On the boundary layer arising in the spin-up of a stratified fluid in a container with sloping walls

P. W. DUCK a1, M. R. FOSTER a2 and R. E. HEWITT a1
a1 Department of Mathematics, University of Manchester, Oxford Road, Manchester M13 9PL, UK
a2 Department of Aerospace Engineering, Applied Mechanics and Aviation, The Ohio State University, Columbus, OH, 43210, USA


In this paper we consider the boundary layer that forms on the sloping walls of a rotating container (notably a conical container), filled with a stratified fluid, when flow conditions are changed abruptly from some initial (uniform) state. The structure of the solution valid away from the cone apex is derived, and it is shown that a similarity-type solution is appropriate. This system, which is inherently nonlinear in nature, is solved numerically for several flow regimes, and the results reveal a number of interesting and diverse features.

In one case, a steady state is attained at large times inside the boundary layer. In a second case, a finite-time singularity occurs, which is fully analysed. A third scenario involves a double boundary-layer structure developing at large times, most significantly including an outer region that grows in thickness as the square-root of time.

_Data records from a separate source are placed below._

lemma integral_phi_measure_Rk:
  assumes "L \<ge> 1" "k < K"
  shows "(\<integral>\<phi>. Rk b P L d \<delta> K \<beta> \<theta> \<phi> k \<partial>phi_measure L K) = Rbar b P L \<delta> K \<beta> k"
proof -
  define c where "c l = \<theta> l - 2 * pi * real k * real (d l) / real K" for l
  let ?T = "theta_measure L" and ?C = "PiM {1..L} (\<lambda>_. borel :: complex measure)"
  have reindex: "distr (phi_measure L K) ?T (\<lambda>\<phi>. \<lambda>l\<in>{1..L}. \<phi> (l, k)) = ?T"
    using distr_PiM_reindex[of "{1..L} \<times> {0..<K}" "\<lambda>_. unif2pi" "\<lambda>l. (l, k)" "{1..L}"] assms
    unfolding phi_measure_def theta_measure_def by (auto simp: inj_on_def prob_space_unif2pi)
  have "distr (phi_measure L K) ?C (\<lambda>\<phi>. \<lambda>l\<in>{1..L}. cis (\<phi> (l, k) + c l))
      = distr (distr (phi_measure L K) ?T (\<lambda>\<phi>. \<lambda>l\<in>{1..L}. \<phi> (l, k))) ?C (\<lambda>\<psi>. \<lambda>l\<in>{1..L}. cis (\<psi> l + c l))"
    using assms unfolding phi_measure_def theta_measure_def
    by (subst distr_distr) (measurable, auto simp: comp_def intro!: distr_cong)
  also have "\<dots> = distr ?T ?C (\<lambda>\<psi>. \<lambda>l\<in>{1..L}. cis (\<psi> l))"
    unfolding reindex unfolding theta_measure_def
    by (rule distr_PiM_unif2pi_cis_shift) (use assms in auto)
  finally have law: "distr (phi_measure L K) ?C (\<lambda>\<phi>. \<lambda>l\<in>{1..L}. cis (\<phi> (l, k) + c l))
      = distr ?T ?C (\<lambda>\<psi>. \<lambda>l\<in>{1..L}. cis (\<psi> l))" .
  have "(\<integral>\<phi>. Rk b P L d \<delta> K \<beta> \<theta> \<phi> k \<partial>phi_measure L K)
      = (\<integral>w. phasor_rate b P L \<delta> K \<beta> k w \<partial>distr (phi_measure L K) ?C (\<lambda>\<phi>. \<lambda>l\<in>{1..L}. cis (\<phi> (l, k) + c l)))"
    using assms unfolding Rk_eq_phasor_rate c_def phi_measure_def
    by (subst integral_distr) measurable
  also have "\<dots> = (\<integral>\<psi>. phasor_rate b P L \<delta> K \<beta> k (\<lambda>l\<in>{1..L}. cis (\<psi> l)) \<partial>?T)"
    unfolding law theta_measure_def by (subst integral_distr) measurable
  finally show ?thesis
    by (simp add: Rbar_eq_phasor_rate)
qed

lemma indep_vars_Rk:
  "prob_space.indep_vars (phi_measure L K) (\<lambda>_. borel) (\<lambda>k \<phi>. Rk b P L d \<delta> K \<beta> \<theta> \<phi> k) {..<K}"
proof -
  define c where "c k l = \<theta> l - 2 * pi * real k * real (d l) / real K" for k l
  define f where "f k \<rho> = phasor_rate b P L \<delta> K \<beta> k (\<lambda>l\<in>{1..L}. cis (\<rho> (l, k) + c k l))" for k \<rho>
  have f: "f k \<in> borel_measurable (PiM ({1..L} \<times> {k}) (\<lambda>_. unif2pi))" for k
    unfolding f_def by measurable
  have "prob_space.indep_vars (phi_measure L K) (\<lambda>_. borel)
      (\<lambda>k \<phi>. f k (restrict \<phi> ({1..L} \<times> {k}))) {..<K}"
    unfolding phi_measure_def
    by (rule indep_vars_PiM_blocks[OF _ _ _ f]) (auto simp: prob_space_unif2pi disjoint_family_on_def)
  also have "(\<lambda>k \<phi>. f k (restrict \<phi> ({1..L} \<times> {k}))) = (\<lambda>k \<phi>. Rk b P L d \<delta> K \<beta> \<theta> \<phi> k)"
    unfolding f_def c_def Rk_eq_phasor_rate by (intro ext phasor_rate_cong) auto
  finally show ?thesis .
qed

definition rate_deviation ::
    "real \<Rightarrow> real \<Rightarrow> nat \<Rightarrow> (nat \<Rightarrow> nat) \<Rightarrow> (nat \<Rightarrow> real) \<Rightarrow> nat
      \<Rightarrow> (nat \<Rightarrow> bool) \<Rightarrow> (nat \<Rightarrow> real) \<Rightarrow> (nat \<times> nat \<Rightarrow> real) \<Rightarrow> real" where
  "rate_deviation b P L d \<delta> K \<beta> \<theta> \<phi> = (\<Sum>k<K. Rk b P L d \<delta> K \<beta> \<theta> \<phi> k - Rbar b P L \<delta> K \<beta> k)"

lemma prob_phi_measure_rate_deviation_ge:
  assumes "L \<ge> 1" "P \<ge> 0" "b > 1" "\<forall>l\<in>{1..L}. 0 \<le> \<delta> l \<and> \<delta> l \<le> 1" "e > 0"
  shows "measure (phi_measure L K) {\<phi> \<in> space (phi_measure L K). e \<le> \<bar>rate_deviation b P L d \<delta> K \<beta> \<theta> \<phi>\<bar>}
           \<le> real K * (log b (1 + (real L)\<^sup>2 * P))\<^sup>2 / e\<^sup>2"
proof -
  interpret prob_space "phi_measure L K"
    by (rule prob_space_phi_measure)
  let ?Y = "\<lambda>k \<phi>. Rk b P L d \<delta> K \<beta> \<theta> \<phi> k - Rbar b P L \<delta> K \<beta> k"
  have Rk: "indep_vars (\<lambda>_. borel) (\<lambda>k \<phi>. Rk b P L d \<delta> K \<beta> \<theta> \<phi> k) {..<K}"
    by (rule indep_vars_Rk)
  then have indep: "indep_vars (\<lambda>_. borel) ?Y {..<K}"
    by (rule indep_vars_compose2[where Y = "\<lambda>k x. x - Rbar b P L \<delta> K \<beta> k"]) simp
  have "\<bar>?Y k \<phi>\<bar> \<le> log b (1 + (real L)\<^sup>2 * P)" for k \<phi>
    using Rk_bounds[OF assms(2-4), of d K \<beta> \<theta> \<phi> k] Rbar_bounds[OF assms(2-4), of K \<beta> k] by linarith
  moreover have "expectation (?Y k) = 0" if "k < K" for k
  proof -
    have [measurable]: "(\<lambda>\<phi>. Rk b P L d \<delta> K \<beta> \<theta> \<phi> k) \<in> borel_measurable (phi_measure L K)"
      using Rk that by (auto simp: indep_vars_def)
    have "integrable (phi_measure L K) (\<lambda>\<phi>. Rk b P L d \<delta> K \<beta> \<theta> \<phi> k)"
      by (rule integrable_const_bound[where B = "log b (1 + (real L)\<^sup>2 * P)"])
        (use Rk_bounds[OF assms(2-4)] in simp, fact)
    then show ?thesis
      using integral_phi_measure_Rk[OF assms(1) that] by (simp add: prob_space)
  qed
  ultimately show ?thesis
    using prob_abs_sum_indep_ge[OF finite_lessThan indep _ _ \<open>e > 0\<close>]
    by (simp add: rate_deviation_def)
qed

lemma measure_pair_measure_le_sections:
  assumes "prob_space M" "prob_space N" "0 \<le> c"
    and sections: "\<And>x. x \<in> space M \<Longrightarrow> measure N (Pair x -` A) \<le> c"
  shows "measure (M \<Otimes>\<^sub>M N) A \<le> c"
proof (cases "A \<in> sets (M \<Otimes>\<^sub>M N)")
  case True
  interpret M: prob_space M by fact
  interpret N: prob_space N by fact
  interpret MN: prob_space "M \<Otimes>\<^sub>M N"
    by (rule prob_space_pair) unfold_locales
  have "emeasure (M \<Otimes>\<^sub>M N) A = (\<integral>\<^sup>+x. emeasure N (Pair x -` A) \<partial>M)"
    by (rule N.emeasure_pair_measure_alt[OF True])
  also have "\<dots> \<le> (\<integral>\<^sup>+x. ennreal c \<partial>M)"
    using sections by (intro nn_integral_mono) (simp add: N.emeasure_eq_measure ennreal_leI)
  also have "\<dots> = ennreal c"
    by (simp add: M.emeasure_space_1)
  finally show ?thesis
    using \<open>0 \<le> c\<close> by (simp add: MN.emeasure_eq_measure)
qed (simp add: measure_notin_sets \<open>0 \<le> c\<close>)

lemma prob_joint_measure_rate_deviation_ge:
  assumes "L \<ge> 1" "P \<ge> 0" "b > 1" "\<forall>l\<in>{1..L}. 0 \<le> \<delta> l \<and> \<delta> l \<le> 1" "e > 0"
  shows "measure (joint_measure L pB K)
           {\<omega> \<in> space (joint_measure L pB K).
              e \<le> \<bar>rate_deviation b P L d \<delta> K (fst \<omega>) (fst (snd \<omega>)) (snd (snd \<omega>))\<bar>}
           \<le> real K * (log b (1 + (real L)\<^sup>2 * P))\<^sup>2 / e\<^sup>2"
    (is "measure _ ?A \<le> ?c")
proof -
  have "Pair \<theta> -` Pair \<beta> -` ?A
      = {\<phi> \<in> space (phi_measure L K). e \<le> \<bar>rate_deviation b P L d \<delta> K \<beta> \<theta> \<phi>\<bar>}"
    if "\<beta> \<in> space (beta_measure L pB)" "\<theta> \<in> space (theta_measure L)" for \<beta> \<theta>
    using that by (auto simp: joint_measure_def space_pair_measure)
  then have sections: "measure (phi_measure L K) (Pair \<theta> -` Pair \<beta> -` ?A) \<le> ?c"
    if "\<beta> \<in> space (beta_measure L pB)" "\<theta> \<in> space (theta_measure L)" for \<beta> \<theta>
    using that prob_phi_measure_rate_deviation_ge[OF assms] by simp
  have "measure (beta_measure L pB \<Otimes>\<^sub>M (theta_measure L \<Otimes>\<^sub>M phi_measure L K)) ?A \<le> ?c"
  proof (rule measure_pair_measure_le_sections)
    fix \<beta> assume "\<beta> \<in> space (beta_measure L pB)"
    show "measure (theta_measure L \<Otimes>\<^sub>M phi_measure L K) (Pair \<beta> -` ?A) \<le> ?c"
      by (rule measure_pair_measure_le_sections[OF prob_space_theta_measure prob_space_phi_measure])
        (use sections \<open>\<beta> \<in> space (beta_measure L pB)\<close> in auto)
  qed (simp_all add: prob_space_pair prob_space_beta_measure prob_space_theta_measure prob_space_phi_measure)
  then show ?thesis
    by (simp add: joint_measure_def)
qed

theorem proposition11:
  fixes L :: nat and P pB \<tau>max b \<epsilon> :: real and D :: int
    and d :: "nat \<Rightarrow> nat" and \<delta> \<tau> :: "nat \<Rightarrow> real"
  assumes "L \<ge> 1" and "P \<ge> 0" and "0 \<le> pB" and "pB \<le> 1"
    and "\<tau>max > 0" and "D \<ge> ceiling \<tau>max + 1"
    and "\<forall>l\<in>{1..L}. 0 \<le> \<tau> l \<and> \<tau> l \<le> \<tau>max"
    and "\<forall>l\<in>{1..L}. \<tau> l = real (d l) + \<delta> l \<and> 0 \<le> \<delta> l \<and> \<delta> l < 1"
    and "b > 1"
    and "\<epsilon> > 0"
  shows "(\<lambda>K. measure (joint_measure L pB K)
            {\<omega> \<in> space (joint_measure L pB K).
               \<bar>(1 / (real K + of_int D)) *
                 (\<Sum>k<K. Rk b P L d \<delta> K (fst \<omega>) (fst (snd \<omega>)) (snd (snd \<omega>)) k
                          - Rbar b P L \<delta> K (fst \<omega>) k)\<bar> \<ge> \<epsilon>})
         \<longlonglongrightarrow> 0"
proof -
  define M where "M = (log b (1 + (real L)\<^sup>2 * P))\<^sup>2"
  have "0 < ceiling \<tau>max"
    using assms(5) by simp
  then have "D > 0"
    using assms(6) by linarith
  then have scale: "\<epsilon> \<le> \<bar>1 / (real K + of_int D) * x\<bar> \<longleftrightarrow> \<epsilon> * (real K + of_int D) \<le> \<bar>x\<bar>" for K x
    by (simp add: abs_mult field_simps)
  have "\<forall>l\<in>{1..L}. 0 \<le> \<delta> l \<and> \<delta> l \<le> 1"
    using assms(8) by force
  then have bound: "measure (joint_measure L pB K)
      {\<omega> \<in> space (joint_measure L pB K).
         \<epsilon> * (real K + of_int D) \<le> \<bar>rate_deviation b P L d \<delta> K (fst \<omega>) (fst (snd \<omega>)) (snd (snd \<omega>))\<bar>}
      \<le> real K * M / (\<epsilon> * (real K + of_int D))\<^sup>2" for K
    unfolding M_def using \<open>D > 0\<close> assms(10)
    by (intro prob_joint_measure_rate_deviation_ge[OF assms(1,2,9)]) auto
  have lim: "(\<lambda>K. real K * M / (\<epsilon> * (real K + of_int D))\<^sup>2) \<longlonglongrightarrow> 0"
    using assms(10) by real_asymp
  show ?thesis
    unfolding scale rate_deviation_def[symmetric]
    by (rule tendsto_sandwich[OF _ always_eventually tendsto_const lim]) (simp, intro allI bound)
qed
definition rindep :: "('k::field \<Rightarrow> 'v \<Rightarrow> 'v) \<Rightarrow> 'k set \<Rightarrow> 'v::ab_group_add set \<Rightarrow> bool" where
  "rindep scale R B \<longleftrightarrow> (\<forall>S u. finite S \<and> S \<subseteq> B \<and> (\<forall>x\<in>S. u x \<in> R)
       \<and> (\<Sum>x\<in>S. scale (u x) x) = 0 \<longrightarrow> (\<forall>x\<in>S. u x = 0))"

text \<open>A lattice: a free R-submodule L (with R-basis B) such that K \<otimes>_R L \<rightarrow> V is an
  isomorphism, i.e. the R-basis B of L is a K-basis of V.\<close>
definition is_lattice :: "('k::field \<Rightarrow> 'v \<Rightarrow> 'v) \<Rightarrow> 'k set \<Rightarrow> 'v::ab_group_add set \<Rightarrow> bool" where
  "is_lattice scale R L \<longleftrightarrow> (\<exists>B. rindep scale R B \<and> rspan scale R B = L
       \<and> rindep scale UNIV B \<and> rspan scale UNIV B = UNIV)"

definition m_minus :: "('k::field \<Rightarrow> 'v \<Rightarrow> 'v) \<Rightarrow> 'k set \<Rightarrow> 'k \<Rightarrow> 'v::ab_group_add set \<Rightarrow> 'v set \<Rightarrow> 'v set" where
  "m_minus scale R \<pi> L M = rspan scale R
     (\<Union>n::int. (scale (\<pi> powi n) ` L) \<inter> (scale (\<pi> powi (- n)) ` M))"

definition m_plus :: "('k::field \<Rightarrow> 'v \<Rightarrow> 'v) \<Rightarrow> 'k set \<Rightarrow> 'k \<Rightarrow> 'v::ab_group_add set \<Rightarrow> 'v set \<Rightarrow> 'v set" where
  "m_plus scale R \<pi> L M = (\<Inter>n::int.
     {a + b | a b. a \<in> scale (\<pi> powi n) ` L \<and> b \<in> scale (\<pi> powi (- n)) ` M})"

end

theory Submission
  imports Defs
begin
lemma card_insert_Diff_two_less:
  assumes "finite S" "P \<in> S" "C \<in> S" "P \<noteq> C"
  shows "card (insert N (S - {P, C})) < card S"
proof -
  have "card (insert N (S - {P, C})) \<le> Suc (card (S - {P, C}))"
    using assms(1) by (simp add: card_insert_if)
  also have "card (S - {P, C}) = card S - 2" using assms by (simp add: card_Diff_subset)
  also have "card {P, C} \<le> card S" using assms by (intro card_mono) auto
  then have "Suc (card S - 2) < card S" using assms(4) by simp
  finally show ?thesis .
qed

lemma canonical_no_cycle_insertion:
  assumes G: "simple_graph V E" and can: "canonical V E S"
    and P: "P \<in> S" and C: "C \<in> S" "P \<noteq> C" and i: "Suc i < length P"
    and H: "spanning_cycle E (set C) H"
    and a: "E (P ! i) a" and b: "E (P ! Suc i) b" and ab: "consec_on_cycle H a b"
  shows False
proof -
  have S: "path_partition V E S" and minimal: "\<And>S'. path_partition V E S' \<Longrightarrow> card S \<le> card S'"
    using can unfolding canonical_def by blast+
  have sym: "\<And>u v. E u v \<Longrightarrow> E v u" and "finite V" using G unfolding simple_graph_def by auto
  obtain Q where Q: "distinct Q" "set Q = set C" "Q \<noteq> []" "hd Q = a" "last Q = b" "successively E Q"
    using consec_on_cycle_hamiltonian_path[OF H sym ab] by blast
  let ?S' = "insert (take (Suc i) P @ Q @ drop (Suc i) P) (S - {P, C})"
  have "E (last Q) (P ! Suc i)" using sym[OF b] Q(5) by simp
  then have "path_partition V E ?S'"
    using path_partition_splice[OF S P C i Q(1-3,6)] a Q(4) by simp
  moreover have "card ?S' < card S"
    using card_insert_Diff_two_less[OF path_partition_finite[OF S \<open>finite V\<close>] P C] .
  ultimately show False using minimal[of ?S'] by linarith
qed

We also consider directly the nonlinear fully steady solutions to the problem, and map out in parameter space the likely ultimate flow behaviour. Intriguingly, we find cases where, when the rotation rate of the container is equal to that of the main body of the fluid, an alternative nonlinear state is preferred, rather than the trivial (uniform) solution.

Finally, utilizing Laplace transforms, we re-investigate the linear initial-value problem for small differential spin-up studied by MacCready & Rhines (1991), recovering the growing-layer solution they found. However, in contrast to earlier work, we find a critical value of the buoyancy parameter beyond which the solution grows exponentially in time, consistent with our nonlinear results.

(Received December 13 1995)
(Revised October 24 1996)

Present address: Department of Civil Engineering, The University, Dundee DD1 4HN, UK.